Bir şair düşünün, usta olmaktan korkunuz demekten çekinmesin. Topluluğun, çoğunluğun beğenisinden kaçınmayı öğütlesin. Ozan desin, kişiliği ile var olur akımlarla değil, inancına bağlı kalsın. “Ben hep sıkıntılıyım. Yani bir adamın canı sıkılır, o benim” diyen Turgut Uyar, İkinci Yeni şiirinin ne tam içinde ne de dışındadır aslında. Sıkılgan, sakin ve hüzünlü ruh hali çocukluğundan taşıdığı ve şiirini ören duygulardır. Abisinin sataşmalarına ne zaman maruz kalsa, annesi hüzünlü bulduğu bu çocuğu kanatlarının altına alır. Ders dinlemekten sıkılır, asker olmaktan sıkılır, şiiri tanımlamaktan sıkılır, yaşamdan sıkılır. Geometri ve matematik derslerinden kaçmak için savaşa katılma hayalleri kurarken de ilk aşkından pantolonundaki yırtığı saklamak için büyük çaba gösterirken de içinde bulunduğu duygu hep aynıdır. Silahsız bir asker, tören askeri olan Turgut Uyar, bilerek sıkıntıyı büyütür içinde. Sevincin bölüğünden korunmak için kendine geliştirdiği bir yoldur bu aslında.

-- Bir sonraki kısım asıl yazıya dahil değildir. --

lemma meet_spec:
  assumes v1: "v1 \<in> verts G" and v2: "v2 \<in> verts G"
  shows "meet G v1 v2 \<in> set (root_path v1) \<inter> set (root_path v2) \<and>
         set (root_path v1) \<inter> set (root_path v2) = set (root_path (meet G v1 v2))"
proof -
  obtain u where uv: "u \<in> verts G"
    and common: "set (root_path v1) \<inter> set (root_path v2) = set (root_path u)"
    using common_ancestors_root_path[OF v1 v2] by blast
  have "meet G v1 v2 = u"
    unfolding meet_def geod_base[OF v1] geod_base[OF v2]
  proof (rule the_equality)
    show "u \<in> set (root_path v1) \<inter> set (root_path v2) \<and>
      set (root_path v1) \<inter> set (root_path v2) = geod G (base G) u"
      using common geod_base[OF uv] self_in_root_path[OF uv] by simp
  next
    fix x assume x: "x \<in> set (root_path v1) \<inter> set (root_path v2) \<and>
      set (root_path v1) \<inter> set (root_path v2) = geod G (base G) x"
    hence xv: "x \<in> verts G" using root_path_in_verts v1 by blast
    have "x \<in> set (root_path u)" "u \<in> set (root_path x)"
      using x common geod_base[OF xv] self_in_root_path[OF uv] by auto
    then obtain t1 t2 where "address u = address x @ t1" "address x = address u @ t2"
      using ancestor_iff_address_prefix xv uv by blast
    thus "x = u" using address_inj[OF xv uv] by simp
  qed
  thus ?thesis using common self_in_root_path[OF uv] by simp
qed

text \<open>Otherwise the child of the meet towards v1 would be a common ancestor deeper than the meet.\<close>
lemma meet_branches_differ:
  assumes v1: "v1 \<in> verts G" and v2: "v2 \<in> verts G"
    and r1: "address v1 = address (meet G v1 v2) @ x # s1"
    and r2: "address v2 = address (meet G v1 v2) @ y # s2"
  shows "x \<noteq> y"
proof
  assume "x = y"
  define u where "u = meet G v1 v2"
  have common: "set (root_path v1) \<inter> set (root_path v2) = set (root_path u)"
    and uv: "u \<in> verts G"
    using meet_spec[OF v1 v2] root_path_in_verts[OF v1] unfolding u_def by auto
  obtain a where a: "a \<in> set (root_path v1)" "address a = address u @ [x]"
    using ancestor_with_address[OF v1, of "address u @ [x]" s1] r1 by (auto simp: u_def)
  have av: "a \<in> verts G" using a root_path_in_verts v1 by blast
  have "address v2 = address a @ s2" using a r2 \<open>x = y\<close> by (simp add: u_def)
  hence "a \<in> set (root_path u)"
    using ancestor_iff_address_prefix[OF v2 av] a common by blast
  then obtain t where "address u = address a @ t"
    using ancestor_iff_address_prefix uv av by blast
  thus False using a by simp
qed

lemma vle_iff_address_le:
  assumes v1: "v1 \<in> verts G" and v2: "v2 \<in> verts G"
  shows "vle G v1 v2 \<longleftrightarrow> address v1 \<le> address v2"
proof -
  define u where "u = meet G v1 v2"
  have u1: "u \<in> set (root_path v1)" and u2: "u \<in> set (root_path v2)"
    using meet_spec[OF v1 v2] unfolding u_def by auto
  have uv: "u \<in> verts G" using u1 root_path_in_verts v1 by blast
  obtain r1 r2 where r: "address v1 = address u @ r1" "address v2 = address u @ r2"
    using ancestor_iff_address_prefix[OF v1 uv] ancestor_iff_address_prefix[OF v2 uv] u1 u2 by blast
  have vle_u: "vle G v1 v2 \<longleftrightarrow> (u = v1 \<or> (u \<noteq> v1 \<and> gdir G u v1 < gdir G u v2))"
    unfolding vle_def Let_def u_def by simp
  show ?thesis
  proof (cases "u = v1")
    case True
    then show ?thesis using r(2) list_le_append vle_u by simp
  next
    case F1: False
    have r1: "r1 \<noteq> []" using F1 r address_inj[OF uv v1] by auto
    show ?thesis
    proof (cases "u = v2")
      case True
      have "address v2 < address v1" using r(1) True list_less_append[OF r1] by simp
      moreover have "\<not> vle G v1 v2" using vle_u F1 True by (simp add: gdir_def)
      ultimately show ?thesis by simp
    next
      case F2: False
      have r2: "r2 \<noteq> []" using F2 r address_inj[OF uv v2] by auto
      obtain x s1 y s2 where xy: "r1 = x # s1" "r2 = y # s2"
        using r1 r2 by (auto simp: neq_Nil_conv)
      have g1: "gdir G u v1 = x" using gdir_ancestor[OF v1 u1 F1] r(1) xy(1) by simp
      have g2: "gdir G u v2 = y" using gdir_ancestor[OF v2 u2 F2] r(2) xy(2) by simp
      have "x \<noteq> y" using meet_branches_differ[OF v1 v2] r xy by (simp add: u_def)
      hence "address v1 \<le> address v2 \<longleftrightarrow> x < y" using r xy list_le_append_Cons_iff by simp
      then show ?thesis using vle_u F1 g1 g2 by simp
    qed
  qed
qed

lemma vless_iff_address_less:
  assumes "v1 \<in> verts G" "v2 \<in> verts G"
  shows "vless G v1 v2 \<longleftrightarrow> address v1 < address v2"
  using vle_iff_address_le[OF assms] address_inj[OF assms]
  by (auto simp: vless_def less_le)

lemma vint_eq_address_interval:
  assumes "a \<in> verts G" "b \<in> verts G"
  shows "vint G a b = {w \<in> verts G. address a < address w \<and> address w < address b}"
  using vless_iff_address_less assms unfolding vint_def by blast

lemma vle_antisym: "v1 \<in> verts G \<Longrightarrow> v2 \<in> verts G \<Longrightarrow> vle G v1 v2 \<Longrightarrow> vle G v2 v1 \<Longrightarrow> v1 = v2"
  using vle_iff_address_le address_inj by force

lemma iota_tau_eqI:
  assumes "endp G e = {a, b}" "a \<in> verts G" "b \<in> verts G" "vle G a b"
  shows "iota G e = b \<and> tau G e = a"
proof -
  have "vle G a a" "vle G b b" using assms(2,3) vle_iff_address_le by auto
  then show ?thesis unfolding iota_def tau_def
    using assms vle_antisym by (intro conjI the_equality) auto
qed

lemma iota_tau_eT:
  assumes "v \<in> verts G" "v \<noteq> base G"
  shows "iota G (eT G v) = v \<and> tau G (eT G v) = parent v"
proof -
  have "vle G (parent v) v"
    using vle_iff_address_le address_parent_less assms parent_in_verts by (simp add: less_imp_le)
  thus ?thesis using iota_tau_eqI[of "eT G v" "parent v" v] eT_tree_edge[OF assms]
      parent_in_verts[OF assms] assms by (auto simp: insert_commute)
qed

Askeri lise yıllarında gizli gizli yazmaya başladığı şiirlerinin kabuğu da bu duygulardan oluşur. Kendini anlattığı o kısacık yazısında şöyle der: “Ne söylenmişse ve ne söylenmemişse, ne yapılmışsa ve ne yapılmamışsa, ne düzeltilmişse ve ne düzeltilmemişse ondan sıkılan biri. Belki, söylenmemişin, yapılmamışın ve düzeltilmemişin telaşı içinde biraz. O kadar. Ve sıkıntılı. Ve sıkıntılı.”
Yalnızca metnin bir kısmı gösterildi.